Problem description: Please print only the top portion of the entries below, ending with the line that contains "lam \<longrightarrow> lam", exactly as written.

▬▬▬

lemma quadratic_form_eigenvalue_bounds:
  fixes S :: "'n::finite mat"
  assumes sym: "transpose S = S" and posdef: "\<forall>x. x \<noteq> 0 \<longrightarrow> x \<bullet> (S *v x) > 0"
    and M_max: "\<forall>lam. is_eigenvalue S lam \<longrightarrow> lam \<le> M"
    and m_min: "\<forall>lam. is_eigenvalue S lam \<longrightarrow> m \<le> lam"
  shows "(norm (S *v v))^2 \<le> M * (v \<bullet> (S *v v))"
    and "m * (v \<bullet> (S *v v)) \<le> (norm (S *v v))^2"
proof -
  have nonneg: "0 \<le> v \<bullet> (S *v v)"
    using posdef by (cases "v = 0") (auto intro: less_imp_le)
  obtain \<rho> where "is_eigenvalue S \<rho>" and "\<And>x. 1 * (norm (S *v x))^2 \<le> 1 * \<rho> * (x \<bullet> (S *v x))"
    using extremal_rayleigh_eigenvalue[OF sym posdef one_neq_zero] by blast
  then have "(norm (S *v v))^2 \<le> \<rho> * (v \<bullet> (S *v v))" and "\<rho> \<le> M"
    using M_max by auto
  then show "(norm (S *v v))^2 \<le> M * (v \<bullet> (S *v v))"
    using mult_right_mono[OF \<open>\<rho> \<le> M\<close> nonneg] by linarith
  have "-1 \<noteq> (0::real)" by simp
  obtain \<rho>' where "is_eigenvalue S \<rho>'" and "\<And>x. -1 * (norm (S *v x))^2 \<le> -1 * \<rho>' * (x \<bullet> (S *v x))"
    using extremal_rayleigh_eigenvalue[OF sym posdef \<open>-1 \<noteq> 0\<close>] by blast
  then have "\<rho>' * (v \<bullet> (S *v v)) \<le> (norm (S *v v))^2" and "m \<le> \<rho>'"
    using m_min by auto
  then show "m * (v \<bullet> (S *v v)) \<le> (norm (S *v v))^2"
    using mult_right_mono[OF \<open>m \<le> \<rho>'\<close> nonneg] by linarith
qed

section \<open>The loss and its gradient\<close>

text \<open>The product of the factors with indices a+1, ..., a+j is written resprod N (\<lambda>k. th (a + k)) j.\<close>

lemma resprod_add: "resprod N th (j + i) = resprod N (\<lambda>k. th (j + k)) i ** resprod N th j"
  by (induction i) (simp_all add: matrix_mul_assoc)

lemma resprod_cong: "(\<And>k. 1 \<le> k \<Longrightarrow> k \<le> j \<Longrightarrow> th k = th' k) \<Longrightarrow> resprod N th j = resprod N th' j"
  by (induction j) simp_all

lemma resprod_split:
  assumes "1 \<le> n" "n \<le> N"
  shows "resprod N th N =
    resprod N (\<lambda>k. th (n + k)) (N - n) ** (mat 1 + (1 / real N) *\<^sub>R th n) ** resprod N th (n - 1)"
proof -
  obtain n' where n': "n = Suc n'" using assms by (cases n) auto
  have "resprod N th N = resprod N (\<lambda>k. th (n + k)) (N - n) ** resprod N th n"
    using resprod_add[of N th n "N - n"] assms by simp
  then show ?thesis by (simp add: n' matrix_mul_assoc)
qed

definition residual_weight :: "'n::finite mat \<Rightarrow> 'n mat \<Rightarrow> nat \<Rightarrow> (nat \<Rightarrow> 'n mat) \<Rightarrow> 'n mat" where
  "residual_weight Sig B N th = (resprod N th N - B) ** Sig"

definition loss_grad :: "'n::finite mat \<Rightarrow> 'n mat \<Rightarrow> nat \<Rightarrow> (nat \<Rightarrow> 'n mat) \<Rightarrow> nat \<Rightarrow> 'n mat" where
  "loss_grad Sig B N th n = (2 / real N) *\<^sub>R
     (transpose (resprod N (\<lambda>k. th (n + k)) (N - n)) ** residual_weight Sig B N th
       ** transpose (resprod N th (n - 1)))"

lemma lossL_eq_inner: "lossL Sig B N th = (resprod N th N - B) \<bullet> residual_weight Sig B N th"
  by (simp add: lossL_def sig_norm2_def residual_weight_def trace_def inner_matrix_eq_sum
      matrix_matrix_mult_def transpose_def sum_distrib_right mult.commute)

lemma inner_sandwich:
  fixes P A X C :: "'n::finite mat"
  shows "P \<bullet> (A ** X ** C) = (transpose A ** P ** transpose C) \<bullet> X"
  using inner_matrix_mult_right[of P "A ** X" C] inner_matrix_mult_left[of "P ** transpose C" A X]
  by (simp only: matrix_mul_assoc)

lemma loss_grad_Suc_diff:
  fixes Sig B :: "'n::finite mat" and th :: "nat \<Rightarrow> 'n mat"
  assumes "1 \<le> n" "n < N"
  defines "Z \<equiv> transpose (resprod N (\<lambda>k. th (n + 1 + k)) (N - (n + 1))) ** residual_weight Sig B N th
    ** transpose (resprod N th (n - 1))"
  shows "loss_grad Sig B N th (n + 1) - loss_grad Sig B N th n
    = (2 / (real N)^2) *\<^sub>R (Z ** transpose (th n) - transpose (th (n + 1)) ** Z)"
proof -
  let ?F = "\<lambda>k. mat 1 + (1 / real N) *\<^sub>R th k"
  have "1 + (N - (n + 1)) = N - n" using assms by simp
  then have "resprod N (\<lambda>k. th (n + k)) (N - n)
      = resprod N (\<lambda>k. th (n + (1 + k))) (N - (n + 1)) ** resprod N (\<lambda>k. th (n + k)) 1"
    using resprod_add[of N "\<lambda>k. th (n + k)" 1 "N - (n + 1)"] by simp
  then have "resprod N (\<lambda>k. th (n + k)) (N - n) = resprod N (\<lambda>k. th (n + 1 + k)) (N - (n + 1)) ** ?F (n + 1)"
    by (simp add: add_ac)
  then have "loss_grad Sig B N th n = (2 / real N) *\<^sub>R (transpose (?F (n + 1)) ** Z)"
    by (simp add: loss_grad_def Z_def matrix_transpose_mul matrix_mul_assoc)
  moreover have "resprod N th n = ?F n ** resprod N th (n - 1)"
    using assms by (cases n) simp_all
  then have "loss_grad Sig B N th (n + 1) = (2 / real N) *\<^sub>R (Z ** transpose (?F n))"
    by (simp add: loss_grad_def Z_def matrix_transpose_mul matrix_mul_assoc)
  ultimately show ?thesis
    by (simp add: transpose_mat_1_add transpose_scalar matrix_add_ldistrib matrix_mult_add_left
        matrix_scaleR_left matrix_scaleR_right power2_eq_square flip: scaleR_diff_right)
qed
lemma (in comm_group) finprod_int_pow:
  assumes "finite A" "f \<in> A \<rightarrow> carrier G"
  shows "finprod G (\<lambda>x. f x [^] (k::int)) A = finprod G f A [^] k"
  using assms
proof (induct A rule: finite_induct)
  case empty
  then show ?case by simp
next
  case (insert a A)
  then have fa: "f a \<in> carrier G" and fA: "f \<in> A \<rightarrow> carrier G" by auto
  have "finprod G (\<lambda>x. f x [^] k) (insert a A) = f a [^] k \<otimes> finprod G (\<lambda>x. f x [^] k) A"
    using insert fa fA by (intro finprod_insert) auto
  also have "\<dots> = f a [^] k \<otimes> finprod G f A [^] k"
    using insert by simp
  also have "\<dots> = (f a \<otimes> finprod G f A) [^] k"
    using int_pow_distrib fa fA by (simp add: finprod_closed)
  also have "\<dots> = finprod G f (insert a A) [^] k"
    using insert fa fA by (simp add: finprod_insert)
  finally show ?case .
qed

section \<open>Classes of objects modulo a dense subcategory\<close>

locale dense_subcategory = triangulated_category C for C :: "('o, 'm) tricat" +
  fixes B :: "'o set"
  assumes dense: "dense_sub C B"
begin

lemma B_tri_sub: "tri_sub C B"
  using dense unfolding dense_sub_def by blast

lemma B_Ob: "B \<subseteq> Ob C"
  using tri_subD(1)[OF B_tri_sub] .

lemma B_dense: "U \<in> Ob C \<Longrightarrow> \<exists>V\<in>Ob C. \<exists>S\<in>B. is_biprod C U V S"
  using dense unfolding dense_sub_def by blast

lemma B_isomorphic: "X \<in> B \<Longrightarrow> isomorphic C X Y \<Longrightarrow> Y \<in> B"
  using tri_subD(3)[OF B_tri_sub] by blast

definition Z0 :: 'o where
  "Z0 = (SOME Z. Z \<in> B \<and> zero_obj C Z)"

lemma Z0: "Z0 \<in> B" "zero_obj C Z0" "Z0 \<in> Ob C"
proof -
  have "\<exists>Z. Z \<in> B \<and> zero_obj C Z" using tri_subD(2)[OF B_tri_sub] by blast
  then have "Z0 \<in> B \<and> zero_obj C Z0" unfolding Z0_def by (rule someI_ex)
  then show "Z0 \<in> B" "zero_obj C Z0" "Z0 \<in> Ob C" using B_Ob by auto
qed

lemma B_bsum: "X \<in> B \<Longrightarrow> Y \<in> B \<Longrightarrow> bsum X Y \<in> B"
  using tri_sub_biprod[OF B_tri_sub] bsum_biprod B_Ob by blast

lemma B_bsum_cancel: "X \<in> Ob C \<Longrightarrow> Y \<in> B \<Longrightarrow> bsum X Y \<in> B \<Longrightarrow> X \<in> B"
  using tri_sub_biprod_cancel[OF B_tri_sub] bsum_biprod B_Ob by blast

definition stably_iso :: "'o \<Rightarrow> 'o \<Rightarrow> bool" where
  "stably_iso X Y \<longleftrightarrow> X \<in> Ob C \<and> Y \<in> Ob C \<and>
   (\<exists>P\<in>B. \<exists>Q\<in>B. isomorphic C (bsum X P) (bsum Y Q))"

lemma stably_iso_refl: "X \<in> Ob C \<Longrightarrow> stably_iso X X"
  unfolding stably_iso_def using Z0 isomorphic_refl bsum_ob by blast

lemma stably_iso_sym: "stably_iso X Y \<Longrightarrow> stably_iso Y X"
  unfolding stably_iso_def using isomorphic_sym by blast

lemma isomorphic_imp_stably_iso: "isomorphic C X Y \<Longrightarrow> stably_iso X Y"
  unfolding stably_iso_def using Z0 bsum_cong isomorphic_refl isomorphic_ob by blast

lemma stably_iso_trans:
  assumes r1: "stably_iso X Y" and r2: "stably_iso Y Z"
  shows "stably_iso X Z"
proof -
  obtain P Q where PQ: "P \<in> B" "Q \<in> B" and i1: "isomorphic C (bsum X P) (bsum Y Q)"
    and ob1: "X \<in> Ob C" "Y \<in> Ob C"
    using r1 unfolding stably_iso_def by blast
  obtain P' Q' where PQ': "P' \<in> B" "Q' \<in> B" and i2: "isomorphic C (bsum Y P') (bsum Z Q')"
    and ob2: "Z \<in> Ob C"
    using r2 unfolding stably_iso_def by blast
  have ob: "P \<in> Ob C" "Q \<in> Ob C" "P' \<in> Ob C" "Q' \<in> Ob C" using PQ PQ' B_Ob by auto
  note o = ob ob1 ob2 bsum_ob
  have a: "isomorphic C (bsum X (bsum P P')) (bsum (bsum X P) P')"
    using bsum_assoc o isomorphic_sym by auto
  have b: "isomorphic C (bsum (bsum X P) P') (bsum (bsum Y Q) P')"
    using bsum_cong i1 isomorphic_refl o by auto
  have c: "isomorphic C (bsum (bsum Y Q) P') (bsum Y (bsum Q P'))" using bsum_assoc o by auto
  have d: "isomorphic C (bsum Y (bsum Q P')) (bsum Y (bsum P' Q))"
    using bsum_cong bsum_commute isomorphic_refl o by auto
  have e: "isomorphic C (bsum Y (bsum P' Q)) (bsum (bsum Y P') Q)"
    using bsum_assoc o isomorphic_sym by auto
  have f: "isomorphic C (bsum (bsum Y P') Q) (bsum (bsum Z Q') Q)"
    using bsum_cong i2 isomorphic_refl o by auto
  have g: "isomorphic C (bsum (bsum Z Q') Q) (bsum Z (bsum Q' Q))" using bsum_assoc o by auto
  have "isomorphic C (bsum X (bsum P P')) (bsum Z (bsum Q' Q))"
    using a b c d e f g isomorphic_trans by meson
  moreover have "bsum P P' \<in> B" "bsum Q' Q \<in> B" using B_bsum PQ PQ' by auto
  ultimately show ?thesis unfolding stably_iso_def using ob1 ob2 by blast
qed

lemma stably_iso_bsum:
  assumes r1: "stably_iso X X'" and r2: "stably_iso Y Y'"
  shows "stably_iso (bsum X Y) (bsum X' Y')"
proof -
  obtain P Q where PQ: "P \<in> B" "Q \<in> B" and i1: "isomorphic C (bsum X P) (bsum X' Q)"
    and ob1: "X \<in> Ob C" "X' \<in> Ob C"
    using r1 unfolding stably_iso_def by blast
  obtain P' Q' where PQ': "P' \<in> B" "Q' \<in> B" and i2: "isomorphic C (bsum Y P') (bsum Y' Q')"
    and ob2: "Y \<in> Ob C" "Y' \<in> Ob C"
    using r2 unfolding stably_iso_def by blast
  have ob: "P \<in> Ob C" "Q \<in> Ob C" "P' \<in> Ob C" "Q' \<in> Ob C" using PQ PQ' B_Ob by auto
  note o = ob ob1 ob2 bsum_ob
  have a: "isomorphic C (bsum (bsum X Y) (bsum P P')) (bsum (bsum X P) (bsum Y P'))"
    using bsum_interchange o by auto
  have b: "isomorphic C (bsum (bsum X P) (bsum Y P')) (bsum (bsum X' Q) (bsum Y' Q'))"
    using bsum_cong i1 i2 by auto
  have c: "isomorphic C (bsum (bsum X' Q) (bsum Y' Q')) (bsum (bsum X' Y') (bsum Q Q'))"
    using bsum_interchange o by auto
  have "isomorphic C (bsum (bsum X Y) (bsum P P')) (bsum (bsum X' Y') (bsum Q Q'))"
    using a b c isomorphic_trans by meson
  moreover have "bsum P P' \<in> B" "bsum Q Q' \<in> B" using B_bsum PQ PQ' by auto
  ultimately show ?thesis unfolding stably_iso_def using o by blast
qed

lemma stably_iso_Z0_iff: "X \<in> Ob C \<Longrightarrow> stably_iso X Z0 \<longleftrightarrow> X \<in> B"
proof
  assume X: "X \<in> Ob C" and r: "stably_iso X Z0"
  then obtain P Q where PQ: "P \<in> B" "Q \<in> B" and i: "isomorphic C (bsum X P) (bsum Z0 Q)"
    unfolding stably_iso_def by blast
  have "isomorphic C (bsum Z0 Q) Q" using bsum_zero_left Z0(2) PQ B_Ob by blast
  then have "bsum X P \<in> B" using i isomorphic_trans isomorphic_sym B_isomorphic PQ by metis
  then show "X \<in> B" using B_bsum_cancel X PQ by blast
next
  assume X: "X \<in> Ob C" and XB: "X \<in> B"
  have "isomorphic C (bsum X Z0) (bsum Z0 X)" using bsum_commute X Z0 by blast
  then show "stably_iso X Z0" unfolding stably_iso_def using X Z0 XB by blast
qed

lemma stably_iso_shiftD:
  assumes X: "X \<in> Ob C" and Y: "Y \<in> Ob C" and r: "stably_iso (shO C X) (shO C Y)"
  shows "stably_iso X Y"
proof -
  obtain P Q where PQ: "P \<in> B" "Q \<in> B" and i: "isomorphic C (bsum (shO C X) P) (bsum (shO C Y) Q)"
    using r unfolding stably_iso_def by blast
  have PQo: "P \<in> Ob C" "Q \<in> Ob C" using PQ B_Ob by auto
  obtain P0 where P0: "P0 \<in> Ob C" "isomorphic C (shO C P0) P" using shift_ess_surj PQo by blast
  obtain Q0 where Q0: "Q0 \<in> Ob C" "isomorphic C (shO C Q0) Q" using shift_ess_surj PQo by blast
  have P0B: "P0 \<in> B"
    using B_isomorphic[OF PQ(1) isomorphic_sym[OF P0(2)]] tri_subD(4)[OF B_tri_sub P0(1)] by blast
  have Q0B: "Q0 \<in> B"
    using B_isomorphic[OF PQ(2) isomorphic_sym[OF Q0(2)]] tri_subD(4)[OF B_tri_sub Q0(1)] by blast
  have b1: "is_biprod C (shO C X) P (shO C (bsum X P0))"
    using biprod_iso_right[OF biprod_shift[OF bsum_biprod[OF X P0(1)]] isomorphic_sym[OF P0(2)]] .
  have b2: "is_biprod C (shO C Y) Q (shO C (bsum Y Q0))"
    using biprod_iso_right[OF biprod_shift[OF bsum_biprod[OF Y Q0(1)]] isomorphic_sym[OF Q0(2)]] .
  have "isomorphic C (shO C (bsum X P0)) (shO C (bsum Y Q0))"
    using biprod_isomorphic_bsum[OF b1] biprod_isomorphic_bsum[OF b2] i
      isomorphic_trans isomorphic_sym by meson
  then have "isomorphic C (bsum X P0) (bsum Y Q0)"
    using isomorphic_shiftD bsum_ob X Y P0 Q0 by blast
  then show ?thesis unfolding stably_iso_def using X Y P0B Q0B by blast
qed

definition cls :: "'o \<Rightarrow> 'o set" where
  "cls X = {Y \<in> Ob C. stably_iso X Y}"

lemma cls_eq_iff: "X \<in> Ob C \<Longrightarrow> Y \<in> Ob C \<Longrightarrow> cls X = cls Y \<longleftrightarrow> stably_iso X Y"
proof
  assume "X \<in> Ob C" "Y \<in> Ob C" "cls X = cls Y"
  then have "Y \<in> cls X" unfolding cls_def using stably_iso_refl by blast
  then show "stably_iso X Y" unfolding cls_def by blast
next
  assume "X \<in> Ob C" "Y \<in> Ob C" "stably_iso X Y"
  then show "cls X = cls Y" unfolding cls_def using stably_iso_sym stably_iso_trans by blast
qed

▬▬▬

Response for this exercise:
lemma quadratic_form_eigenvalue_bounds:
  fixes S :: "'n::finite mat"
  assumes sym: "transpose S = S" and posdef: "\<forall>x. x \<noteq> 0 \<longrightarrow> x \<bullet> (S *v x) > 0"
    and M_max: "\<forall>lam. is_eigenvalue S lam \<longrightarrow> lam \<le> M"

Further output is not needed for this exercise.